# Value of my 'old' Look, reale possibilities?



## Emspilot (Apr 17, 2002)

I am considering selling my 'old' aluminum Look to finance a new set of wheels for my 555.
However I'm not sure I can get enough for it to make it worth giving up. What do you guys think?

2001 Look AL274 Frame 
Full Dura-Ace 9spd group, except brakes...Ultegra there.
Dura- Ace hubs w/Mavic CPX33 rims.

It's all good condition, the frame has a few nicks and scrapes from lots of riding. The groupo in in great condition. (Sorry, pics are on my home computer and not my work one. Maybe later....)

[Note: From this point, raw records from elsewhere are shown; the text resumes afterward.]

lemma depth_decomposition_delete:
  assumes "matroid (E, r)" "D \<subseteq> E" "depth_decomposition (E, r) V rt par f"
  shows "\<exists>V' rt' par' f'. depth_decomposition (E - D, r) V' rt' par' f'
    \<and> tree_depth V' rt' par' \<le> tree_depth V rt par"
proof -
  have "finite D" using assms(1,2) matroid_finite finite_subset by blast
  then show ?thesis using assms
  proof (induction D arbitrary: E V rt par f)
    case empty
    then show ?case by auto
  next
    case (insert e D)
    have e: "e \<in> E" and D: "D \<subseteq> E - {e}" using insert.prems(2) insert.hyps(2) by auto
    obtain V1 rt1 par1 f1 where dd1: "depth_decomposition (E - {e}, r) V1 rt1 par1 f1"
      and depth1: "tree_depth V1 rt1 par1 \<le> tree_depth V rt par"
      using depth_decomposition_delete_element[OF insert.prems(1,3) e] by blast
    have "matroid (E - {e}, r)" by (rule matroid_restrict[OF insert.prems(1) Diff_subset])
    then obtain V2 rt2 par2 f2 where dd2: "depth_decomposition (E - {e} - D, r) V2 rt2 par2 f2"
      and depth2: "tree_depth V2 rt2 par2 \<le> tree_depth V1 rt1 par1"
      using insert.IH[OF _ D dd1] by blast
    have "E - {e} - D = E - insert e D" by blast
    then show ?case using dd2 le_trans[OF depth2 depth1] by auto
  qed
qed

lemma depth_decomposition_contract:
  assumes "matroid (E, r)" "C \<subseteq> E" "depth_decomposition (E, r) V rt par f"
  shows "\<exists>V' rt' par' f'. depth_decomposition (E - C, \<lambda>Y. r (Y \<union> C) - r C) V' rt' par' f'
    \<and> tree_depth V' rt' par' \<le> tree_depth V rt par"
proof -
  have "finite C" using assms(1,2) matroid_finite finite_subset by blast
  then show ?thesis using assms
  proof (induction C arbitrary: E r V rt par f)
    case empty
    then show ?case using rank_empty[OF empty.prems(1)] by auto
  next
    case (insert e C)
    define r1 where "r1 = (\<lambda>Y. r (Y \<union> {e}) - r {e})"
    have e: "e \<in> E" and C: "C \<subseteq> E - {e}" using insert.prems(2) insert.hyps(2) by auto
    obtain V1 rt1 par1 f1 where dd1: "depth_decomposition (E - {e}, r1) V1 rt1 par1 f1"
      and depth1: "tree_depth V1 rt1 par1 \<le> tree_depth V rt par"
      using depth_decomposition_contract_element[OF insert.prems(1,3) e] unfolding r1_def by blast
    have "matroid (E - {e}, r1)"
      unfolding r1_def by (rule matroid_contract_element[OF insert.prems(1) e])
    then obtain V2 rt2 par2 f2
      where dd2: "depth_decomposition (E - {e} - C, \<lambda>Y. r1 (Y \<union> C) - r1 C) V2 rt2 par2 f2"
      and depth2: "tree_depth V2 rt2 par2 \<le> tree_depth V1 rt1 par1"
      using insert.IH[OF _ C dd1] by blast
    have "r (Y \<union> insert e C) - r (insert e C) = r1 (Y \<union> C) - r1 C"
      if "Y \<subseteq> E - {e} - C" for Y
    proof -
      have "Y \<union> insert e C \<subseteq> E" using that insert.prems(2) by auto
      then have "r {e} \<le> r (insert e C)" "r (insert e C) \<le> r (Y \<union> insert e C)"
        by (auto intro: rank_mono[OF insert.prems(1)])
      moreover have "Y \<union> C \<union> {e} = Y \<union> insert e C" "C \<union> {e} = insert e C" by auto
      ultimately show ?thesis unfolding r1_def by simp
    qed
    then have "depth_decomposition (E - {e} - C, \<lambda>Y. r (Y \<union> insert e C) - r (insert e C))
        V2 rt2 par2 f2"
      by (rule depth_decomposition_cong[OF dd2])
    moreover have "E - {e} - C = E - insert e C" by blast
    ultimately show ?case using le_trans[OF depth2 depth1] by auto
  qed
qed
(* The fixed-point set $M_{\hat\sigma}$ is nonempty only if $K\cap\bigcap_{k=1}^dW_k\neq\varnothing$. The non-degeneracy condition (D) fails at every point of $\mu^{-1}(0)$ lying over $M_{\hat\sigma}$. In particular, if $N$ acts freely and properly on $\mu^{-1}(0)$ and condition (S) holds, then $M$ is a smooth manifold but its induced hypersymplectic structure is degenerate at every point of $M_{\hat\sigma}$.
   Context: Setting: $\mathbb C^{d,d}=\mathbb C^d\times\mathbb C^d$ with coordinates $(z,w)$, $g=\mathrm{Re}\sum_k(dz_k\,d\bar z_k-dw_k\,d\bar w_k)$, $I(z,w)=(iz,-iw)$, $S(z,w)=(w,z)$, $T=IS$, $\omega_A(Y,Z)=g(Y,AZ)$; $\mathbb T^d$ acts by $(z_k,w_k)\mapsto(e^{i\theta_k}z_k,e^{i\theta_k}w_k)$. Fix $u_1,\dots,u_d\in\mathbb Z^n$ spanning $\mathbb R^n$; $\beta\colon e_k\mapsto u_k$; $\mathfrak n=\ker\beta$ with inclusion $\iota$; $N\subset\mathbb T^d$ the kernel of the induced map $\mathbb T^d\to\mathbb T^n$. Identify $\mathbb R^d$ with its dual. Fix real $\lambda^{(j)}_k$, $\lambda^{(c)}_k=\lambda^{(2)}_k+i\lambda^{(3)}_k$; $\mu_I(z,w)=\sum_k(\tfrac12(|z_k|^2+|w_k|^2)+\lambda^{(1)}_k)\iota^*e_k$, $(\mu_S+i\mu_T)(z,w)=\sum_k(iz_k\bar w_k+\lambda^{(c)}_k)\iota^*e_k$; $M=\mu^{-1}(0)/N$, with induced forms $\omega'_A$ ($\pi^*\omega'_A=\omega_A|_{\mu^{-1}(0)}$) on its smooth part. $\phi([z,w])=(a,b)$ with $\langle a,u_k\rangle=\tfrac12(|z_k|^2+|w_k|^2)+\lambda^{(1)}_k$, $\langle b,u_k\rangle=iz_k\bar w_k+\lambda^{(c)}_k$; $a_k=\langle a,u_k\rangle-\lambda^{(1)}_k$, $b_k=\langle b,u_k\rangle-\lambda^{(c)}_k$; $K=\{a_k\geqslant|b_k|\ \forall k\}$; $W_k=\{a_k=|b_k|\}$. $\hat\sigma$ is the involution of $M$ induced by $\sigma(z,w)=(\bar w,\bar z)$ and $M_{\hat\sigma}$ its fixed-point set. Condition (D) at $p$: $\mathcal N_p\cap\mathcal N_p^\perp=\{0\}$ with $\mathcal N$ the span of the vector fields induced by $\mathfrak n$. Condition (S): at no $p\in\mu^{-1}(0)$ is there nonzero $(X_1,X_2,X_3)\in\mathfrak n^3$ with $(IX_1+SX_2+TX_3)_p=0$. *)

theory Defs
  imports Complex_Main
begin

text \<open>Points (and tangent vectors) of C^{d,d} = C^d x C^d are pairs (z,w) of
  coordinate functions nat => complex; only indices k < d are meaningful, and the
  carrier Cdd d requires the coordinates with index >= d to vanish.
  The integer vectors u_1..u_d in Z^n are given by u :: nat => nat => int,
  u k j being the j-th coordinate of u_k (k < d, j < n).  Indices start at 0.\<close>

type_synonym pt = "(nat \<Rightarrow> complex) \<times> (nat \<Rightarrow> complex)"

definition Cdd :: "nat \<Rightarrow> pt set" where
  "Cdd d = {(z, w). \<forall>k\<ge>d. z k = 0 \<and> w k = 0}"

definition gmet :: "nat \<Rightarrow> pt \<Rightarrow> pt \<Rightarrow> real" where
  "gmet d Y Z = Re (\<Sum>k<d. fst Y k * cnj (fst Z k) - snd Y k * cnj (snd Z k))"

definition padd :: "pt \<Rightarrow> pt \<Rightarrow> pt" where
  "padd Y Z = (\<lambda>k. fst Y k + fst Z k, \<lambda>k. snd Y k + snd Z k)"

definition Iop :: "pt \<Rightarrow> pt" where
  "Iop Y = (\<lambda>k. \<i> * fst Y k, \<lambda>k. - \<i> * snd Y k)"

definition Sop :: "pt \<Rightarrow> pt" where
  "Sop Y = (snd Y, fst Y)"

definition Top :: "pt \<Rightarrow> pt" where
  "Top Y = Iop (Sop Y)"

definition omega :: "nat \<Rightarrow> (pt \<Rightarrow> pt) \<Rightarrow> pt \<Rightarrow> pt \<Rightarrow> real" where
  "omega d A Y Z = gmet d Y (A Z)"

definition spans :: "nat \<Rightarrow> nat \<Rightarrow> (nat \<Rightarrow> nat \<Rightarrow> int) \<Rightarrow> bool" where
  "spans d n u \<longleftrightarrow> (\<forall>y :: nat \<Rightarrow> real. \<exists>c :: nat \<Rightarrow> real.
      \<forall>j<n. (\<Sum>k<d. c k * of_int (u k j)) = y j)"
lemma bg_map_rot_surface_has_derivative_t:
  assumes "m \<ge> 1" "\<sigma>^2 = 1" "0 < s" "s < 1"
  shows "((\<lambda>x. bg_map m (rot_surface m \<sigma>) s x) has_vector_derivative
    (\<sigma> * gauss_radius s / s) *\<^sub>R vector [- s * sin t, s * cos t, 0]) (at t)"
  using rot_gauss_map_has_derivative_t[of s m \<sigma> t] bg_map_rot_surface[OF assms] assms(3)
  by simp

lemma rot_surface_regular_curvature:
  assumes m: "m \<ge> 1" and \<sigma>: "\<sigma>^2 = 1" and s: "0 < s" "s < 1"
  shows "(\<lambda>x. rot_surface m \<sigma> x t) differentiable (at s)
    \<and> (\<lambda>x. rot_surface m \<sigma> s x) differentiable (at t)
    \<and> cross3 (d_s (rot_surface m \<sigma>) s t) (d_v (rot_surface m \<sigma>) s t) \<noteq> 0
    \<and> (\<lambda>x. bg_map m (rot_surface m \<sigma>) x t) differentiable (at s)
    \<and> (\<lambda>x. bg_map m (rot_surface m \<sigma>) s x) differentiable (at t)
    \<and> mink_gauss_curv m (rot_surface m \<sigma>) s t = -1"
proof -
  have regular: "cross3 (d_s (rot_surface m \<sigma>) s t) (d_v (rot_surface m \<sigma>) s t) \<noteq> 0"
    using s by (simp add: cross3_rot_surface[OF m s] vec_eq_iff forall_3)
  have "d_s (bg_map m (rot_surface m \<sigma>)) s t = (- \<sigma> * s / gauss_radius s) *\<^sub>R d_s (rot_surface m \<sigma>) s t"
    unfolding d_s_def d_s_rot_surface[OF m s, unfolded d_s_def]
    by (rule vector_derivative_at[OF bg_map_rot_surface_has_derivative_s[OF m \<sigma> s]])
  moreover have "d_v (bg_map m (rot_surface m \<sigma>)) s t = (\<sigma> * gauss_radius s / s) *\<^sub>R d_v (rot_surface m \<sigma>) s t"
    unfolding d_v_def d_v_rot_surface[unfolded d_v_def]
    by (rule vector_derivative_at[OF bg_map_rot_surface_has_derivative_t[OF m \<sigma> s]])
  ultimately have "mink_gauss_curv m (rot_surface m \<sigma>) s t = (- \<sigma> * s / gauss_radius s) * (\<sigma> * gauss_radius s / s)"
    by (rule mink_gauss_curv_diagonal[OF regular])
  also have "\<dots> = -1"
    using \<sigma> s gauss_radius_pos[OF s] by (simp add: power2_eq_square)
  finally show ?thesis
    using regular differentiableI_vector rot_surface_has_derivative_s[OF m s] rot_surface_has_derivative_t
      bg_map_rot_surface_has_derivative_s[OF m \<sigma> s] bg_map_rot_surface_has_derivative_t[OF m \<sigma> s]
    by blast
qed

theorem mainTheorem6:
  fixes m :: nat
  assumes "m \<ge> 2"
  shows "(\<forall>\<alpha>\<in>{0<..<1}. integrand m integrable_on {\<alpha>..1})
    \<and> (u_fun m \<longlongrightarrow> 0) (at_left 1)
    \<and> (\<forall>\<alpha>\<in>{0<..<1}. u_fun m differentiable (at \<alpha>))
    \<and> (deriv (u_fun m) \<longlongrightarrow> 0) (at_left 1)
    \<and> filterlim (u_fun m) at_top (at_right 0)
    \<and> (\<forall>\<sigma>\<in>{1, -1::real}. \<forall>\<alpha>\<in>{0<..<1}. \<forall>v::real.
         let f = (\<lambda>s t. vector [s * cos t, s * sin t, \<sigma> * u_fun m s] :: real^3) in
           (\<lambda>t. f t v) differentiable (at \<alpha>) \<and> (\<lambda>t. f \<alpha> t) differentiable (at v)
           \<and> cross3 (d_s f \<alpha> v) (d_v f \<alpha> v) \<noteq> 0
           \<and> (\<lambda>t. bg_map m f t v) differentiable (at \<alpha>)
           \<and> (\<lambda>t. bg_map m f \<alpha> t) differentiable (at v)
           \<and> mink_gauss_curv m f \<alpha> v = -1)"
proof -
  have m: "m \<ge> 1"
    using assms by simp
  have "u_fun m differentiable (at \<alpha>)" if "\<alpha> \<in> {0<..<1}" for \<alpha>
    using has_real_derivative_u_fun[OF m] that real_differentiable_def by fastforce
  moreover have "(\<lambda>s t. vector [s * cos t, s * sin t, \<sigma> * u_fun m s] :: real^3) = rot_surface m \<sigma>" for \<sigma>
    by (simp add: rot_surface_def[abs_def])
  ultimately show ?thesis
    using integrable_integrand[OF m] tendsto_u_fun_at_left_1[OF m] tendsto_deriv_u_fun_at_left_1[OF m]
      filterlim_u_fun_at_right_0[OF m] rot_surface_regular_curvature[OF m]
    by (auto simp: Let_def)
qed

end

What's a reasonable $$ to expect to ask and get for this?


----------



## C-40 (Feb 4, 2004)

*not much...*

Unfortunately, most frames lose value very quickly. Even a new LOOK carbon frame, on closeout will often be reduced in price by 25%. I've got a 2004 KG461 that retailed for $1750. It's probably only worth $4-500 dollars, even in pristine condition. A much older aluminum frame would be worth far less.


----------



## Emspilot (Apr 17, 2002)

Yeah, that's about what I've come to realize. I guess I'll just hold on to it as a back up and a rain bike.


----------



## yanksphan (May 18, 2005)

I just sold a KG361 F/F, King Headset, Look Carbo/Alu Stem, and Look carbon seatpost for $425


----------